REQUIREMENT: Retrieve every line of the data holding the word "matrix".

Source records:

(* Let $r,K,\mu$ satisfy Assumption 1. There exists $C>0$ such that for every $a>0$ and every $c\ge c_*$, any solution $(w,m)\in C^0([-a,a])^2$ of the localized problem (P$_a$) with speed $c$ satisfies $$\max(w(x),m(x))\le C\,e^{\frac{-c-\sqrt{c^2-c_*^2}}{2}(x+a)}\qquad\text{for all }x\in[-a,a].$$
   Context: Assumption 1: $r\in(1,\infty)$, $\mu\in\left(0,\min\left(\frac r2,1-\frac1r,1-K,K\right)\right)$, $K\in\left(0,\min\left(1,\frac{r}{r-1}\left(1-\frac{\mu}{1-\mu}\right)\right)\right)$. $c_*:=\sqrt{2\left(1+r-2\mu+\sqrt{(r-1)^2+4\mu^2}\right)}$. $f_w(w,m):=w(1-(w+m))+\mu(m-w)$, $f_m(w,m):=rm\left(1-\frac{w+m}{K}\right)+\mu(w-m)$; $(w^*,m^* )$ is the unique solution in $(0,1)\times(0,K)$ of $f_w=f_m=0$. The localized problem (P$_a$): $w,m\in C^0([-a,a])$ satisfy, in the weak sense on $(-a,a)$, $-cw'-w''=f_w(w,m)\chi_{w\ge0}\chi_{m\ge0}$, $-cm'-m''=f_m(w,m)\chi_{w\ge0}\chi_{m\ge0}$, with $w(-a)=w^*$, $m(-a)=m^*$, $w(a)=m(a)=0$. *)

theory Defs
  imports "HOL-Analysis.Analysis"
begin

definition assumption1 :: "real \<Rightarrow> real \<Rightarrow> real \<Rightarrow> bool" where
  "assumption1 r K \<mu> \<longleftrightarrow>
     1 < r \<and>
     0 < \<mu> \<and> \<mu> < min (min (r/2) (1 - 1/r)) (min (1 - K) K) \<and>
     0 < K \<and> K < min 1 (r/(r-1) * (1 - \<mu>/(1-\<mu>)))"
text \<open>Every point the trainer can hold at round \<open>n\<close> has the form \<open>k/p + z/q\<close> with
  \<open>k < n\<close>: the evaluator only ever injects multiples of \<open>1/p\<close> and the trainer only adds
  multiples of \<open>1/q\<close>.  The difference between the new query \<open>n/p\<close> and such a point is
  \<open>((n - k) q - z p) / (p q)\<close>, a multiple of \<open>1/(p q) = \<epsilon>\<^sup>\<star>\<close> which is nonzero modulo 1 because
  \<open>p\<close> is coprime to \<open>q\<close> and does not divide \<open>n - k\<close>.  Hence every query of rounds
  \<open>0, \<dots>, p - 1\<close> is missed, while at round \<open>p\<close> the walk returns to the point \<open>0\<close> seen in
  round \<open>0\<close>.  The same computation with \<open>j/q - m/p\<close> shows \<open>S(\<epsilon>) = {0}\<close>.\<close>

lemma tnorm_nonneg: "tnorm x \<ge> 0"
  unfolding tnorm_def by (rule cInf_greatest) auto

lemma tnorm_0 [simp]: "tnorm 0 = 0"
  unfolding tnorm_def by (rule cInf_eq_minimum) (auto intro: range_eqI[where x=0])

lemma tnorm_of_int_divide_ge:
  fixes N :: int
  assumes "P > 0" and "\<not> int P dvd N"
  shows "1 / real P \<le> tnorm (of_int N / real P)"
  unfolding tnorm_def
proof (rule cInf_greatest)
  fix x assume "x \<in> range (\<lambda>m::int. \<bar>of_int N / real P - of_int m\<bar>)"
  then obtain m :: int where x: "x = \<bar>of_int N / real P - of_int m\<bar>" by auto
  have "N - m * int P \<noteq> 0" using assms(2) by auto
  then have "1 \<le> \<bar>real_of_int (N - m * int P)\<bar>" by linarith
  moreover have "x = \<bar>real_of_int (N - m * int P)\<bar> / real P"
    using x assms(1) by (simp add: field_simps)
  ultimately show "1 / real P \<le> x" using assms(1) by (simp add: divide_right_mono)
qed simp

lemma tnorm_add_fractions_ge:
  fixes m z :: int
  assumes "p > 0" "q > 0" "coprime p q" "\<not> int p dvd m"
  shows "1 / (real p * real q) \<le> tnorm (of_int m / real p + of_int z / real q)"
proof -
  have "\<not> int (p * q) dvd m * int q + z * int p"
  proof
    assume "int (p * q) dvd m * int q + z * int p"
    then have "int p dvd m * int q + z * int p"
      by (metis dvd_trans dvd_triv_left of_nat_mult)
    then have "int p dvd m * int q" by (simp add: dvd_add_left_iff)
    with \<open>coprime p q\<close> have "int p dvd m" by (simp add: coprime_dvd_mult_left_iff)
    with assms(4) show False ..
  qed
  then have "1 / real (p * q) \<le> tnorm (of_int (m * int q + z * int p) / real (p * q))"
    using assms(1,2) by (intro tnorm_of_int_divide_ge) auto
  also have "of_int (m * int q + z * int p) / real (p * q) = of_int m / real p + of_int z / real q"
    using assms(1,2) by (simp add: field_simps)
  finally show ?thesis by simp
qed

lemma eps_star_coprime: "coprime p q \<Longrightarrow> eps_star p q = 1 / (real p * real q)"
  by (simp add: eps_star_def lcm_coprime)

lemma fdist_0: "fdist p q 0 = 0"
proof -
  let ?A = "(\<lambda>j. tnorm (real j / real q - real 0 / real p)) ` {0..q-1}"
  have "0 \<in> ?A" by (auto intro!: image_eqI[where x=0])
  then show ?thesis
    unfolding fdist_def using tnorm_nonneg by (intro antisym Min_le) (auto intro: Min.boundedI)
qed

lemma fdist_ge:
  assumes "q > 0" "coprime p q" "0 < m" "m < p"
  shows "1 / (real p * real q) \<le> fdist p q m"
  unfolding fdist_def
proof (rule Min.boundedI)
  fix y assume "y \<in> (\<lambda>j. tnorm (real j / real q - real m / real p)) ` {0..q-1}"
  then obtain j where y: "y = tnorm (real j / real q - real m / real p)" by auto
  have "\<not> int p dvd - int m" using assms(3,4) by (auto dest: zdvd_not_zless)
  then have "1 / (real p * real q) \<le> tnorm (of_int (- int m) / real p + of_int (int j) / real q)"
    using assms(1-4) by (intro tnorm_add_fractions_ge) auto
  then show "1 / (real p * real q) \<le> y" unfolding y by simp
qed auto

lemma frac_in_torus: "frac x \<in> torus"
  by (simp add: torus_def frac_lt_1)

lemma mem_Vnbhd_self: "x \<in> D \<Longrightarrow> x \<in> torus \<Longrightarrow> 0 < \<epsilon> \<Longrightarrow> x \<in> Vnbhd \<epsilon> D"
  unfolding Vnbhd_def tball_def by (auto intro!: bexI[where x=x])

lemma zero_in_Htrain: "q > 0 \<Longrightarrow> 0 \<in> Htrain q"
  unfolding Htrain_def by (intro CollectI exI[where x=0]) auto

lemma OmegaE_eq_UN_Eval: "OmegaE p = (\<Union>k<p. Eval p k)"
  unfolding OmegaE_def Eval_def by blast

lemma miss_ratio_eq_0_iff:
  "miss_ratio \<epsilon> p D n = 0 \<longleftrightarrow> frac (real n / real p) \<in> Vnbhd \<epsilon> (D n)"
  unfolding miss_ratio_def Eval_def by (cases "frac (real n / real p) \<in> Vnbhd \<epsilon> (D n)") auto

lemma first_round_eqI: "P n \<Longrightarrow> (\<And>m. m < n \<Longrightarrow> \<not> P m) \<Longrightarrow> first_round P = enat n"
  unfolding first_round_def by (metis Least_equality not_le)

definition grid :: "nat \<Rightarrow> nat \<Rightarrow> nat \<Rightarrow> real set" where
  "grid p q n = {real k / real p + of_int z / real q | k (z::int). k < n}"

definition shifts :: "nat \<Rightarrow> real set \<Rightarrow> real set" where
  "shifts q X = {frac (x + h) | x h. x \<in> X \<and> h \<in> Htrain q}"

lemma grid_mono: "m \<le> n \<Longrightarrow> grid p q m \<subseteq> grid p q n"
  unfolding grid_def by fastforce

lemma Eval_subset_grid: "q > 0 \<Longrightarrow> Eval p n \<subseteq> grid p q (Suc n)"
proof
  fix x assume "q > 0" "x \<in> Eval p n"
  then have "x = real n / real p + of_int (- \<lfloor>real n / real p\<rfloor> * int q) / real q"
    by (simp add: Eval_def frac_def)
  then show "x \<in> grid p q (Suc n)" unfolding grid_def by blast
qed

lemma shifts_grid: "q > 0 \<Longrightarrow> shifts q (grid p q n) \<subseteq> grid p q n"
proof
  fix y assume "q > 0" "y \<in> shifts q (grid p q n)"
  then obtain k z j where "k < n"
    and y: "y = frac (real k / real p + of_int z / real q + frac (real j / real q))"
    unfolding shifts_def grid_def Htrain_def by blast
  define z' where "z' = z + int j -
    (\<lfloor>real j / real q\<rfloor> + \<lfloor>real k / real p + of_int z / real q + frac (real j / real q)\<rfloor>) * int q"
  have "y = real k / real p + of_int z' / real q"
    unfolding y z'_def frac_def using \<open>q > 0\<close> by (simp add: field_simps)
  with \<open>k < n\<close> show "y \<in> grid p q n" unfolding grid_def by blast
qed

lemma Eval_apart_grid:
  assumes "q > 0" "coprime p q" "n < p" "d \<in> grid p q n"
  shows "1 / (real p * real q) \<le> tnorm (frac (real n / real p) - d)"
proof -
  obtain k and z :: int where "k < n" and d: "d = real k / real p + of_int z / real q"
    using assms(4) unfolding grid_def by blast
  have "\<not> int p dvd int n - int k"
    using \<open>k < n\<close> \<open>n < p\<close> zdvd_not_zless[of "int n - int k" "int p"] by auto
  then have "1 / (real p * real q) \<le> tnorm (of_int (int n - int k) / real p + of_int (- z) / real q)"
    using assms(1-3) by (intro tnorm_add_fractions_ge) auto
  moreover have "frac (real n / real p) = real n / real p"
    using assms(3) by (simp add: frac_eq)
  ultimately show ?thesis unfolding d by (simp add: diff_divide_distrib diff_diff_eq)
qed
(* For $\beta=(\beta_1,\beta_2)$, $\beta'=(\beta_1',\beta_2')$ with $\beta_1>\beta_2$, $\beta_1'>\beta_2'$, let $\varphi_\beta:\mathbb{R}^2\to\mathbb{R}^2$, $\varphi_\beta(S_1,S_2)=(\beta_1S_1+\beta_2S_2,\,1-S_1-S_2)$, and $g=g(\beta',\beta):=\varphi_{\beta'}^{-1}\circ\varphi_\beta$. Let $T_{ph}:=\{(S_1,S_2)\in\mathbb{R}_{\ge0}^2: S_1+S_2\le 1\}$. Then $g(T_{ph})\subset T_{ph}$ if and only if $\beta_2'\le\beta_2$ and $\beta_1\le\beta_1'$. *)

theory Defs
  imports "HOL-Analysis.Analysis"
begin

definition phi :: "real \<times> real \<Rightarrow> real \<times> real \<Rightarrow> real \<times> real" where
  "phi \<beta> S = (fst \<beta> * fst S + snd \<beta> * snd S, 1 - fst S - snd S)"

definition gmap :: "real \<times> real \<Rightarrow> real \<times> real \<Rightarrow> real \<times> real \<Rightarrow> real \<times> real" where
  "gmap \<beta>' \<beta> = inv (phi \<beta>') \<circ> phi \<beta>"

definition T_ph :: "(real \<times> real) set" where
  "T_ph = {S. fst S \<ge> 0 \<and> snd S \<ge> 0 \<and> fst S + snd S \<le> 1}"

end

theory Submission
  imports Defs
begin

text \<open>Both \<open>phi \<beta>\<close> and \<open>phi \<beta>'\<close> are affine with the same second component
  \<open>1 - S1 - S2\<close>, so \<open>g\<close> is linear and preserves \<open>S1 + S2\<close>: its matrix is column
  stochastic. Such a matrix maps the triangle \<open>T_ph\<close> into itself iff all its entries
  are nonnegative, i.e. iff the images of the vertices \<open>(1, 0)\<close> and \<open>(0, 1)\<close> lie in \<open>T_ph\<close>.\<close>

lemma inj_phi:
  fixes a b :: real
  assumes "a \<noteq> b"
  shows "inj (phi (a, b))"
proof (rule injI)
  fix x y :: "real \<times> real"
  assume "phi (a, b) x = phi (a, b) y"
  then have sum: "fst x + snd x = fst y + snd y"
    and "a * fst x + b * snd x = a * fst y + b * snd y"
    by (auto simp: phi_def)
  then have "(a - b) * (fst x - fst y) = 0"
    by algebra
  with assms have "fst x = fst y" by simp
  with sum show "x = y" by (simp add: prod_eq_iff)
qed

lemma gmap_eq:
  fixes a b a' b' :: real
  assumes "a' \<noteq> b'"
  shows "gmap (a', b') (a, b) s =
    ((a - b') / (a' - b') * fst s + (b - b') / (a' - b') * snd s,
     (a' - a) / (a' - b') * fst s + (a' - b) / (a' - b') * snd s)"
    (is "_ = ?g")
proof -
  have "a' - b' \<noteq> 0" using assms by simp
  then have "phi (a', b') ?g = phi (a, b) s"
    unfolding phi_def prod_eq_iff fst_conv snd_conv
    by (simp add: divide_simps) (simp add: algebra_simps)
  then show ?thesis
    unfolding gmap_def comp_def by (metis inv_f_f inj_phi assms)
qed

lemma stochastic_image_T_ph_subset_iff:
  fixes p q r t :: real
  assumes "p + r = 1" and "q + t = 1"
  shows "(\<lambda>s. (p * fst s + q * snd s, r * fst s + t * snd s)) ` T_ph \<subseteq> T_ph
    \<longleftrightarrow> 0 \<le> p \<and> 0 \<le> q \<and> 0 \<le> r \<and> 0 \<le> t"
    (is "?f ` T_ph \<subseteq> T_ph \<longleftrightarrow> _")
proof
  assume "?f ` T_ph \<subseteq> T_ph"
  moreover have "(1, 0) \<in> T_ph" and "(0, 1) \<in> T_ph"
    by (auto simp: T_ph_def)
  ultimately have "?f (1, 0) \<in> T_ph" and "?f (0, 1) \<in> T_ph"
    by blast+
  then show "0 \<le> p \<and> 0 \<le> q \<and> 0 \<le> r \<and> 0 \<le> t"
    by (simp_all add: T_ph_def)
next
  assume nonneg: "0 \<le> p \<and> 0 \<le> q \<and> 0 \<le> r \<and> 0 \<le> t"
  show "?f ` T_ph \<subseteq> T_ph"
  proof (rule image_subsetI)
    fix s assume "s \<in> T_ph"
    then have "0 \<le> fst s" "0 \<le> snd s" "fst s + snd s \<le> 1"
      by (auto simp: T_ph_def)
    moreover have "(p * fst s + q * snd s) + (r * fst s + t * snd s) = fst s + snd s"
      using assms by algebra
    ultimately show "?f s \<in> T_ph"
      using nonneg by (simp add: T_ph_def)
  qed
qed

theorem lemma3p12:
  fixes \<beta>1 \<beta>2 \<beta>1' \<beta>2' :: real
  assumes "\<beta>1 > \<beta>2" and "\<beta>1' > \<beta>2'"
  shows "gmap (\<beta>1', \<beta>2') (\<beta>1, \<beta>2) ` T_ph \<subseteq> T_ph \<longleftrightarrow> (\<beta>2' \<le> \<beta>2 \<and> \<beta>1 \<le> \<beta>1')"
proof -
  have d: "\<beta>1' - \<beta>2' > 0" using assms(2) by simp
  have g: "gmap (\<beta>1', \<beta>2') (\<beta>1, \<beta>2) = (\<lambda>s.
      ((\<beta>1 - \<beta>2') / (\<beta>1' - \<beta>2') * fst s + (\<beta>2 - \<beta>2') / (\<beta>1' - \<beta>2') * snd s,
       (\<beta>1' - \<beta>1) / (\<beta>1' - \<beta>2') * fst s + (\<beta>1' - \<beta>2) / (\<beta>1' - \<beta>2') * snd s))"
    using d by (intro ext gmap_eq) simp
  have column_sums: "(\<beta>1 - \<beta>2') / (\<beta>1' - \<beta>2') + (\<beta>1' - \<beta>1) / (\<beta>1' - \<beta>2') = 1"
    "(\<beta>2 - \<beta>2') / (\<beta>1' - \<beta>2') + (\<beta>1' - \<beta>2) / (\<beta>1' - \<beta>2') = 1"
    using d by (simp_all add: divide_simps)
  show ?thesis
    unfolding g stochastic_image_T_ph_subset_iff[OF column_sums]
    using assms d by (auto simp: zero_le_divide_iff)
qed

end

OUTPUT OF THE TASK:
  \<open>1 - S1 - S2\<close>, so \<open>g\<close> is linear and preserves \<open>S1 + S2\<close>: its matrix is column
  stochastic. Such a matrix maps the triangle \<open>T_ph\<close> into itself iff all its entries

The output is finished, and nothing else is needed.